11. Совершенно серьезно, во всех таких общественных обязанностях г-н Харрисон был человеком редчайшего качества и достоинства; абсолютно бескорыстный в своем рвении, неутомимый в усилиях, всегда готовый, никогда не утомительный, никогда не абсурдный; привносящий практический смысл, добрую рассудительность и самый здоровый элемент добродушной, но неподкупной честности во все, что находила делать его рука. Все уважали, а лучшие люди искренне ценили его, и я думаю, что те, кто больше всего знал мир, всегда первыми признавали его прекрасную способность делать именно то, что нужно, именно в нужной мере — и так приятно. В частной жизни он был для меня объектом совершенно особого восхищения в том количестве удовольствия, которое он мог получать от мелочей; и он весьма существенно изменил многие мои самые серьезные выводы относительно преимуществ или вреда современной пригородной жизни. Для меня самого едва ли какое-либо место жительства и обязанность в этом мире показались бы (пока, возможно, я не попробовал бы их) менее подходящими для человека чувствительного и причудливого ума, чем Нью-Роуд, Камбервелл-Грин и монотонная офисная работа на Бридж-стрит. И до некоторой степени я все еще того же мнения относительно этих вопросов и полностью, без сомнения или колебания, отвергаю существование Нью-Роуд и Камбервелл-Грин в целом, не меньше, чем осуждение интеллигентных людей на рутину канцелярской работы, прерываемую лишь трехнедельным отпуском в конце года. На менее живых, причудливых и любезных людей, чем мой старый друг, Нью-Роуд и ежедневный стол действительно оказывают деградирующее и весьма прискорбное влияние. Но г-н Харрисон привносил свежесть пасторальной простоты в самые выцветшие уголки Грин, освещал своим жизнерадостным сердцем самые свинцовые часы офиса и собирал во время своего трехнедельного отпуска в окрестностях, скажем, Гилфорда, Грейвсенда, Бродстерса или Растингтона больше жизненной рекреации и спекулятивной философии, чем другой человек получил бы в гранд-туре.

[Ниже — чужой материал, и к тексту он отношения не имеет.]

lemma inner_realvec_le_of_capacity_region:
  assumes "convex hull (realvec ` S) = polyhedron K c b" and "j < K" and "s \<in> S"
  shows "c j \<bullet> realvec s \<le> b j"
proof -
  have "realvec s \<in> polyhedron K c b"
    unfolding assms(1)[symmetric] using assms(3) by (intro hull_inc imageI)
  then show ?thesis
    using assms(2) by (simp add: polyhedron_def)
qed

lemma inner_shift_along_unit_normal:
  fixes c :: "'a::real_inner"
  assumes "norm c = 1" and "c \<bullet> x = b"
  shows "c \<bullet> (x - \<epsilon> *\<^sub>R c) = b - \<epsilon>"
  using assms by (simp add: inner_diff_right power2_norm_eq_inner[symmetric])

theorem claim1:
  fixes S :: "('n::finite \<Rightarrow> nat) set"
    and Smax Amax :: nat
    and K k :: nat
    and c :: "nat \<Rightarrow> real ^ 'n"
    and b :: "nat \<Rightarrow> real"
    and lamk :: "real ^ 'n"
    and A :: "real \<Rightarrow> 'n \<Rightarrow> nat pmf"
    and emax :: real
    and r' :: real
  assumes S_fin: "finite S" and S_ne: "S \<noteq> {}"
    and S_bd: "\<forall>s\<in>S. \<forall>i. s i \<le> Smax"
    and cap: "convex hull (realvec ` S) = polyhedron K c b"
    and c_nonneg: "\<forall>j<K. \<forall>i. 0 \<le> c j $ i"
    and c_norm: "\<forall>j<K. norm (c j) = 1"
    and b_pos: "\<forall>j<K. 0 < b j"
    and k_lt: "k < K"
    and lamk_face: "lamk \<in> rel_interior {r \<in> polyhedron K c b. c k \<bullet> r = b k}"
    and emax_pos: "0 < emax"
    and A_bd: "\<forall>\<epsilon>. 0 < \<epsilon> \<and> \<epsilon> < emax \<longrightarrow> (\<forall>i. set_pmf (A \<epsilon> i) \<subseteq> {..Amax})"
    and A_mean: "\<forall>\<epsilon>. 0 < \<epsilon> \<and> \<epsilon> < emax \<longrightarrow>
        (\<forall>i. measure_pmf.expectation (A \<epsilon> i) real = lamk $ i - \<epsilon> * c k $ i)"
    and r'_gt: "1 < r'"
  shows "\<exists>\<beta>2 \<epsilon>0. 0 < \<epsilon>0 \<and> (\<forall>\<epsilon>. 0 < \<epsilon> \<and> \<epsilon> < \<epsilon>0 \<longrightarrow>
           (\<forall>\<pi>. stationary (A \<epsilon>) S \<pi> \<longrightarrow>
              measure_pmf.expectation (bind_pmf \<pi> (mw_service S))
                 (\<lambda>s. (b k - c k \<bullet> realvec s) powr r') \<le> \<beta>2 * \<epsilon>))"
proof (intro exI conjI allI impI)
  fix \<epsilon> :: real and \<pi>
  assume \<epsilon>: "0 < \<epsilon> \<and> \<epsilon> < emax" and stat: "stationary (A \<epsilon>) S \<pi>"
  let ?T = "bind_pmf \<pi> (mw_service S)"
  have A\<epsilon>_bd: "\<forall>i. set_pmf (A \<epsilon> i) \<subseteq> {..Amax}" and ck_nonneg: "\<forall>i. 0 \<le> c k $ i"
    using A_bd \<epsilon> c_nonneg k_lt by auto
  have slack: "\<forall>s\<in>S. c k \<bullet> realvec s \<le> b k"
    using inner_realvec_le_of_capacity_region[OF cap k_lt] by blast
  have "(\<Sum>i\<in>UNIV. c k $ i * measure_pmf.expectation (A \<epsilon> i) real) = c k \<bullet> (lamk - \<epsilon> *\<^sub>R c k)"
    using A_mean \<epsilon> by (simp add: inner_vec_def)
  also have "\<dots> = b k - \<epsilon>"
    using c_norm k_lt rel_interior_subset lamk_face by (intro inner_shift_along_unit_normal) auto
  finally have mean_slack: "measure_pmf.expectation ?T (\<lambda>s. b k - c k \<bullet> realvec s) \<le> \<epsilon>"
    using stationary_expected_slack_le[OF S_fin S_ne S_bd A\<epsilon>_bd stat ck_nonneg slack] by simp
  have "measure_pmf.expectation ?T (\<lambda>s. (b k - c k \<bullet> realvec s) powr r')
      \<le> b k powr (r' - 1) * measure_pmf.expectation ?T (\<lambda>s. b k - c k \<bullet> realvec s)"
    using set_pmf_mw_service[OF S_fin S_ne] slack inner_realvec_nonneg[OF ck_nonneg] r'_gt
    by (intro measure_pmf_expectation_powr_le) auto
  also have "\<dots> \<le> b k powr (r' - 1) * \<epsilon>"
    using mean_slack by (intro mult_left_mono) auto
  finally show "measure_pmf.expectation ?T (\<lambda>s. (b k - c k \<bullet> realvec s) powr r')
      \<le> b k powr (r' - 1) * \<epsilon>" .
qed (rule emax_pos)

end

12. С другой стороны, я, которому весь день нечего было делать, кроме того, что мне нравилось, и который мог бродить по воле среди всех лучших красот земного шара — и то не без достаточной силы видеть и чувствовать их, — был обычно недовольным человеком, а часто и утомленным; и упрекающая мысль, которая всегда возникала в моем уме, когда в этой непреодолимой апатии от пресыщения возбуждением я обнаруживал, что не могу получить даже минутного удовольствия от самой прекрасной сцены, была всегда: «Если бы только г-н Харрисон был здесь вместо меня!»
13. Много-много раз я очень серьезно планировал заманить его за воду. Но всегда было что-то, что нужно было сделать в спешке — что-то, что нужно было проработать — что-то, что нужно было увидеть, как я думал, только на мой собственный тихий манер. Я верю, если бы у меня хватило ума взять своего старого друга с собой, он показал бы мне гораздо больше, чем я обнаружил сам. Но этому не суждено было сбыться; и год за годом я отправлялся ворчать и хандрить в Венецию или на озеро Лаго-Маджоре; а г-н Харрисон — наслаждаться жизнью с утра до ночи в Бродстерсе или Бокс-Хилле. Пусть я не буду говорить с пренебрежением ни о том, ни о другом. Никакая синяя томность безприливной волны не стоит брызг и блеска Юго-Восточного английского пляжа, и никто никогда не оценит по достоинству сосны Венгерн-Альп, кто презирает кусты Бокс-Хилла.
Да, я помню маленький восторг самого Джорджа Ричмонда на тех прекрасных склонах солнечного дерна, заканчивающийся видением Товита и его собаки — не меньше — ведомых туда услужливым ангелом. (Я всегда удивлялся, кстати, интересовалась ли та благословенная собака тем, что говорил ей ангел.)